While much of this sounds like a dour affair, there are some great gags and subtle jokes tossed in to remind you that you can laugh at the darkness. And if you can't laugh, turn to the people you love. Gibson and Jean-Baptists are a treat on-screen together with heartwarming chemistry. The pair play well as husband and wife who have occupied each other's company for an untold number of years, but just because of their familiarity doesn't mean there isn't any spice left in the holiday cider.

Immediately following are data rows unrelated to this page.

lemma opr_invariant_step:
  assumes st: "standing Q Sig delta s" and inv: "opr_invariant Q Sig delta P X"
  shows "opr_invariant Q Sig delta
           (fst (opr_step Q Sig delta s (P, X))) (snd (opr_step Q Sig delta s (P, X)))"
proof (cases "find (union_ge2 P) X")
  case None
  then show ?thesis using inv unfolding opr_step_def by simp
next
  case (Some S)
  then have SX: "S \<in> set X" and "union_ge2 P S" by (auto simp: find_Some_iff)
  define Ps where "Ps = filter (\<lambda>D. D \<subseteq> S) P"
  define isfirst where "isfirst = (card (hd Ps) \<le> card (last Ps))"
  define B where "B = (if isfirst then hd Ps else last Ps)"
  define X' where "X' = concat (map (\<lambda>T. if T = S then (if isfirst then [B, S - B] else [S - B, B])
                                         else [T]) X)"
  define P' where "P' = concat (map (refine_part Q Sig delta s isfirst B S) P)"
  have step: "opr_step Q Sig delta s (P, X) = (P', X')"
    using Some unfolding opr_step_def Let_def fst_conv snd_conv
    unfolding X'_def P'_def B_def isfirst_def Ps_def by simp
  have "Ps \<noteq> []" using \<open>union_ge2 P S\<close> union_ge2_has_part unfolding Ps_def by blast
  then have "B \<in> set Ps" unfolding B_def by simp
  then have BP: "B \<in> set P" unfolding Ps_def by simp
  have SQ: "S \<subseteq> Q" and BQ: "B \<subseteq> Q" using inv SX BP unfolding opr_invariant_def by blast+
  have X': "set X' \<subseteq> set X \<union> {B, S - B}" unfolding X'_def by auto
  have P': "\<exists>D\<in>set P. E \<in> set (refine_part Q Sig delta s isfirst B S D)" if "E \<in> set P'" for E
    using that unfolding P'_def by auto
  have "E \<subseteq> Q \<and> (\<exists>a. \<forall>v\<in>E. lab Q Sig delta v = a) \<and>
        (\<forall>T\<in>set X'. forward_stable Sig delta E T)" if EP': "E \<in> set P'" for E
  proof -
    obtain D where D: "D \<in> set P" and E: "E \<in> set (refine_part Q Sig delta s isfirst B S D)"
      using P'[OF EP'] by blast
    have DQ: "D \<subseteq> Q" and "\<exists>a. \<forall>v\<in>D. lab Q Sig delta v = a"
      and stable: "\<forall>T\<in>set X. forward_stable Sig delta D T"
      using inv D unfolding opr_invariant_def by simp_all
    then obtain a where hom: "\<forall>v\<in>D. lab Q Sig delta v = a" by blast
    note refined = refine_part_stable[OF st hom stable[rule_format, OF SX] BQ SQ E]
    have "E \<subseteq> Q" "\<forall>v\<in>E. lab Q Sig delta v = a" using refined(1) DQ hom by blast+
    moreover have "forward_stable Sig delta E T" if "T \<in> set X'" for T
    proof -
      have "T \<in> set X \<or> T = B \<or> T = S - B" using X' that by blast
      then show ?thesis
        using stable forward_stable_subset[OF _ refined(1)] refined(2,3) by blast
    qed
    ultimately show ?thesis by blast
  qed
  moreover have "\<forall>T\<in>set X'. T \<subseteq> Q" using inv X' SQ BQ unfolding opr_invariant_def by blast
  ultimately show ?thesis unfolding step opr_invariant_def by simp
qed

lemma opr_invariant_state:
  assumes "standing Q Sig delta s"
  shows "opr_invariant Q Sig delta
           (fst (opr_state Q Sig delta s n)) (snd (opr_state Q Sig delta s n))"
proof (induction n)
  case 0
  show ?case using opr_invariant_init[OF assms] unfolding opr_state_def by simp
next
  case (Suc n)
  have "opr_state Q Sig delta s (Suc n) = opr_step Q Sig delta s (opr_state Q Sig delta s n)"
    unfolding opr_state_def by simp
  then show ?case using opr_invariant_step[OF assms Suc] by simp
qed

text \<open>The invariant holds after any number of steps.\<close>

theorem lemma10:
  fixes Q :: "'q set" and Sig :: "'a::linorder set"
    and delta :: "'q \<Rightarrow> 'a \<Rightarrow> 'q set" and s :: 'q and n :: nat
  assumes "standing Q Sig delta s"
    and "\<forall>m\<le>n. fst (opr_state Q Sig delta s m) \<noteq> snd (opr_state Q Sig delta s m)"
  shows "\<forall>D\<in>set (fst (opr_state Q Sig delta s n)).
           \<forall>T\<in>set (snd (opr_state Q Sig delta s n)). forward_stable Sig delta D T"
  using opr_invariant_state[OF assms(1)] unfolding opr_invariant_def by blast

end
lemma crossing_gate_imp_crossing_lines:
  assumes "crossing_gate G m xe ye"
  obtains seg k cv where "crossing_lines G m xe ye seg k cv"
proof -
  from assms obtain seg k cv where
    "finite (gV G)" "finite (gE G)"
    "\<forall>l<m. xe l = seg l 0 \<and> ye l = seg l (k l)"
    "gE G = {seg l j | l j. l < m \<and> j \<le> k l}"
    "\<forall>l j l' j'. l < m \<and> j \<le> k l \<and> l' < m \<and> j' \<le> k l' \<and> seg l j = seg l' j'
       \<longrightarrow> l = l' \<and> j = j'"
    "gV G = {cv l j | l j. l < m \<and> j < k l}"
    "\<forall>l j j'. l < m \<and> j < k l \<and> j' < k l \<and> cv l j = cv l j' \<longrightarrow> j = j'"
    "\<forall>l l'. l < m \<and> l' < m \<and> l \<noteq> l' \<longrightarrow>
       (\<exists>!v. (\<exists>j<k l. cv l j = v) \<and> (\<exists>j'<k l'. cv l' j' = v))"
    "\<forall>v\<in>gV G. card {l. l < m \<and> (\<exists>j<k l. cv l j = v)} = 2"
    "\<forall>v\<in>gV G. \<exists>l l' j j' n e s w.
       l < m \<and> l' < m \<and> l \<noteq> l' \<and> j < k l \<and> j' < k l' \<and> cv l j = v \<and> cv l' j' = v \<and>
       ginc G v = [n, e, s, w] \<and> {n, s} = {seg l j, seg l (Suc j)} \<and> {e, w} = {seg l' j', seg l' (Suc j')}"
    "\<forall>v\<in>gV G. gf G v = PASS"
    "\<forall>e\<in>gE G. \<forall>b. gw G e b = 1"
    unfolding crossing_gate_def by (elim conjE exE) (rule that, assumption+)
  then have "crossing_lines G m xe ye seg k cv"
    by unfold_locales simp_all
  then show thesis
    by (rule that)
qed

context crossing_lines
begin

definition lines_at :: "'v \<Rightarrow> nat set" where
  "lines_at v = {l. l < m \<and> (\<exists>j<k l. cv l j = v)}"

lemma vertex_layout_lines_at:
  assumes "v \<in> gV G"
  obtains l l' j j' n e s w where "l < m" "l' < m" "l \<noteq> l'" "j < k l" "j' < k l'"
    "lines_at v = {l, l'}" "cv l j = v" "cv l' j' = v" "ginc G v = [n, e, s, w]"
    "{n, s} = {seg l j, seg l (Suc j)}" "{e, w} = {seg l' j', seg l' (Suc j')}"
proof -
  obtain l l' j j' n e s w where layout: "l < m" "l' < m" "l \<noteq> l'" "j < k l" "j' < k l'"
    "cv l j = v" "cv l' j' = v" "ginc G v = [n, e, s, w]"
    "{n, s} = {seg l j, seg l (Suc j)}" "{e, w} = {seg l' j', seg l' (Suc j')}"
    using vertex_layout[OF assms] by blast
  have "{l, l'} \<subseteq> lines_at v"
    using layout by (auto simp: lines_at_def)
  moreover have "card (lines_at v) = 2"
    using two_lines[OF assms] by (simp add: lines_at_def)
  ultimately have "lines_at v = {l, l'}"
    using layout(3) by (simp add: card_two_eq_doubleton)
  with layout show thesis
    using that by blast
qed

Performances are strong throughout this straight-faced coal-black comedy. Chance Hurstfield is a hoot as the diabolical Billy who plays this Santa's child nemesis like a Mafia Don in training. Walton Goggins shines as the assassin bringing his customary swagger but with a toned-down earnestness of a man who grew up wishing he could still be a child. As previously mentioned, Marianne Jean-Baptiste is a heartwarming delight. Her Ruth is quick with the sage advice but offers some of the funnier jokes to keep things even-keeled. Then we have Mel - who has always delivered great performances, but of his last few roles, I think this is some of his best work in front of the camera in a decade. He slips into the gruff and grumpy persona that he cultivated in the 80s and 90s, but the heart and humor return with ease.
When Ruth gives Chris a file of all the kids he helped inspire to become happy successful adults because he gave them the toy they always wanted, it was a true "Ahhh…" moment. There's the Mel we all loved so much and haven't really seen in what feels like a long time. You can't really call this a comeback performance since he never really left the movies - Dragged Across Concrete is a great turn and Hacksaw Ridge a phenomenal war film for Gibson as a Director - but his Chris Kringle is a welcome return to classic "Mel" form.
I'm not sure Fatman will light everyone's tree this holiday season, but it was the kind of darkly comical movie I needed. As a new father stuck raising a child in the middle of a pandemic on little to no sleep during a contentious election season, it's easy to get hung up on all of the unpleasantness you see around you. With some smart direction, witty screenwriting, and some entertaining performances, Fatman is the soothing pine-scented balm to remind you it's okay to let bygones be bygones, hug the ones love, laugh when you need to, and yes - even get excited for the holiday season while Mel Gibson and Walton Goggins square off in a bullet-fueled shootout.
Dark, cynical, and hilarious - Fatman was an unexpected holiday joy. From the trailer, it feels as if the film was a one-joke pony but this show has a lot in store for its audience. It's not dark for the sake of darkness, it's not crass just to hear Santa swear a time or two. Fatman offers a lot of heart and holiday cheer and turns out to be the perfect antidote for a tough year full of stress and anxiety. Certainly not age-appropriate for everyone at home this year, but for those up to the task, there's grand entertainment value to be enjoyed. Highly Recommended.